В рамках киносмотра Андрес представлял свой первый игровой фильм «Кто, если не мы» — об истоках, личных, психологических и исторических предпосылках возникновения в конце 60-х годов прошлого столетия в Германии леворадикальной террористической организации городских партизан RAF. Историческая драма была удостоена на 61-м Берлинаре приза Альфреда Бауэра, названного по имени основателя фестиваля и присуждаемого за особое новаторство.

«Кто, если не мы» — великолепная, психологически выверенная жизненная история основателей фракции Гудрун Энсслин (Лена Лауцемис) и Андреаса Баадера (Александр Фелинг).

Андрес Ваейль выразительно передал настроение эпохи того времени, направив основные акценты картины на общественное осмысление прошлого послевоенной Германии, отношение молодежи к старшему поколению, клейменному темным прошлым Третьего рейха.
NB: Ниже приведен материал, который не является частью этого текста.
lemma wp_coeff_cubic_weight_LIMSEQ_zero:
  assumes "1 + a - b \<notin> \<int>\<^sub>\<le>\<^sub>0" "1 + a - c \<notin> \<int>\<^sub>\<le>\<^sub>0" "Re (a - 2 * b - 2 * c) > 0"
  shows "(\<lambda>n. wp_coeff a [b, c] n * (of_nat n * (a - b + of_nat n) * (a - c + of_nat n))) \<longlonglongrightarrow> 0"
proof -
  define r where "r = Re (2 * b + 2 * c - a)"
  obtain B where B: "\<And>n. n \<ge> 1 \<Longrightarrow> norm (wp_coeff a [b, c] (Suc n)) \<le> B * real n powr (r - 3)"
    using wp_coeff_Suc_bound[OF assms(1,2)] unfolding r_def by metis
  define K where "K = 2 * B * (norm (a - b) + 2) * (norm (a - c) + 2)"
  have linear: "norm (z + of_nat (Suc n)) \<le> (norm z + 2) * real n" if "n \<ge> 1" for z :: complex and n
  proof -
    have "norm (z + of_nat (Suc n)) \<le> norm z + real (Suc n)"
      using norm_triangle_ineq[of z "of_nat (Suc n)"] by (simp del: of_nat_Suc)
    moreover have "norm z * 1 \<le> norm z * real n"
      using that by (intro mult_left_mono) simp_all
    ultimately show ?thesis
      using that by (simp add: distrib_right)
  qed
  have bound: "norm (wp_coeff a [b, c] (Suc n) *
      (of_nat (Suc n) * (a - b + of_nat (Suc n)) * (a - c + of_nat (Suc n)))) \<le> K * real n powr r"
    if n: "n \<ge> 1" for n
  proof -
    have "norm (wp_coeff a [b, c] (Suc n) *
          (of_nat (Suc n) * (a - b + of_nat (Suc n)) * (a - c + of_nat (Suc n)))) \<le>
        B * real n powr (r - 3) *
          (2 * real n * ((norm (a - b) + 2) * real n) * ((norm (a - c) + 2) * real n))"
      unfolding norm_mult norm_of_nat
      using B[OF n] order_trans[OF norm_ge_zero B[OF n]] linear[OF n] n
      by (intro mult_mono) (simp_all del: of_nat_Suc)
    also have "\<dots> = K * (real n powr (r - 3) * real n ^ 3)"
      unfolding K_def by (simp add: power3_eq_cube mult_ac)
    also have "real n powr (r - 3) * real n ^ 3 = real n powr r"
      using n by (simp add: powr_diff powr_numeral)
    finally show ?thesis .
  qed
  have "(\<lambda>n. K * real n powr r) \<longlonglongrightarrow> 0"
    using assms(3) unfolding r_def
    by (intro tendsto_mult_right_zero tendsto_neg_powr filterlim_real_sequentially) simp
  moreover have "eventually (\<lambda>n. norm (wp_coeff a [b, c] (Suc n) *
      (of_nat (Suc n) * (a - b + of_nat (Suc n)) * (a - c + of_nat (Suc n)))) \<le> K * real n powr r)
      sequentially"
    using eventually_ge_at_top[of 1] by eventually_elim (rule bound)
  ultimately have "(\<lambda>n. wp_coeff a [b, c] (Suc n) *
      (of_nat (Suc n) * (a - b + of_nat (Suc n)) * (a - c + of_nat (Suc n)))) \<longlonglongrightarrow> 0"
    by (rule Lim_null_comparison[rotated])
  then show ?thesis
    by (rule LIMSEQ_imp_Suc)
qed

lemma vwp_4F3_quadratic_sums_zero:
  assumes "1 + a - b \<notin> \<int>\<^sub>\<le>\<^sub>0" "1 + a - c \<notin> \<int>\<^sub>\<le>\<^sub>0" "Re (a - 2 * b - 2 * c) > 0"
  shows "(\<lambda>n. (a + 2 * of_nat n) * wp_coeff a [b, c] n * (-1) ^ n *
           (of_nat n * (of_nat n + a) + b * c)) sums 0"
proof -
  define X where
    "X n = (-1) ^ n * (wp_coeff a [b, c] n * (of_nat n * (a - b + of_nat n) * (a - c + of_nat n)))" for n
  have "X n - X (Suc n) =
      (a + 2 * of_nat n) * wp_coeff a [b, c] n * (-1) ^ n * (of_nat n * (of_nat n + a) + b * c)" for n
  proof -
    have "X (Suc n) = - ((-1) ^ n *
        (wp_coeff a [b, c] (Suc n) * (of_nat (Suc n) * (\<Prod>x\<leftarrow>[b, c]. a - x + of_nat (Suc n)))))"
      unfolding X_def by simp
    also have "\<dots> = - ((-1) ^ n *
        (wp_coeff a [b, c] n * ((a + of_nat n) * (\<Prod>x\<leftarrow>[b, c]. x + of_nat n))))"
      using assms(1,2) by (subst wp_coeff_Suc) simp_all
    finally show ?thesis
      by (simp only: X_def[of n]) (simp add: algebra_simps)
  qed
  moreover have "X \<longlonglongrightarrow> 0"
  proof (rule tendsto_norm_zero_cancel)
    have norm_X: "norm (X n) =
        norm (wp_coeff a [b, c] n * (of_nat n * (a - b + of_nat n) * (a - c + of_nat n)))" for n
      unfolding X_def
      by (simp only: norm_mult norm_power norm_minus_cancel norm_one power_one mult_1_left)
    show "(\<lambda>n. norm (X n)) \<longlonglongrightarrow> 0"
      unfolding norm_X using tendsto_norm_zero[OF wp_coeff_cubic_weight_LIMSEQ_zero[OF assms]] .
  qed
  then have "(\<lambda>n. X n - X (Suc n)) sums (X 0 - 0)"
    by (rule telescope_sums')
  ultimately show ?thesis
    by (simp add: X_def)
qed

lemma suminf_trunc_factor_LIMSEQ:
  assumes "summable (\<lambda>k. norm (t k))"
  shows "(\<lambda>N. \<Sum>k. t k * trunc_factor a N k) \<longlonglongrightarrow> (\<Sum>k. t k)"
proof -
  obtain C N0 where C: "\<And>N k. N \<ge> N0 \<Longrightarrow> norm (trunc_factor a N k) \<le> C"
    using trunc_factor_bounded[of a] by metis
  have "(\<lambda>N. \<Sum>k. t k * trunc_factor a N k) \<longlonglongrightarrow> (\<Sum>k. t k * 1)"
  proof (rule tannerys_theorem[THEN conjunct2, THEN conjunct2])
    show "(\<lambda>N. t k * trunc_factor a N k) \<longlonglongrightarrow> t k * 1" for k
      by (intro tendsto_mult tendsto_const trunc_factor_LIMSEQ)
    have "norm (t k * trunc_factor a N k) \<le> C * norm (t k)" if "N \<ge> N0" for k N
      unfolding norm_mult using mult_left_mono[OF C[OF that, of k] norm_ge_zero[of "t k"]]
      by (simp only: mult.commute)
    then show "eventually (\<lambda>(k, N). norm (t k * trunc_factor a N k) \<le> C * norm (t k))
        (at_top \<times>\<^sub>F sequentially)"
      unfolding eventually_prod_sequentially by (intro exI[of _ N0] allI impI) simp
    show "summable (\<lambda>k. C * norm (t k))"
      using assms by (rule summable_mult)
  qed simp
  then show ?thesis
    by simp
qed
Нервная атмосфера 60-х органично вплетается в психологию отношений главных героев, развивающихся в разрезе осмысления своего места и роли в области напрашивающихся перемен в собственной стране. Четко очерчена граница между неуверенностью в себе и агрессией.

Ключевые посты в правительстве того времени занимали «бывшие нацисты», американцы с самолетов ковровой россыпью покрывали вьетнамские деревни напалмом, обострение карибского кризиса грозило всему миру третьей мировой войной, вся Европа была обвешена революционными лозунгами... Документальные вставки и музыка той эпохи художественно оформлены и мастерски вписаны в основной сюжет повествования. Когда, если не теперь? — лозунг, под которым объединяется немецкое подполье...

Андрес, после сеанса Вы отвечали на вопросы зрителей в зале. Потом более часа общались с ними в фойе кинотеатра. Подобные творческие встречи — Ваша постоянная практика?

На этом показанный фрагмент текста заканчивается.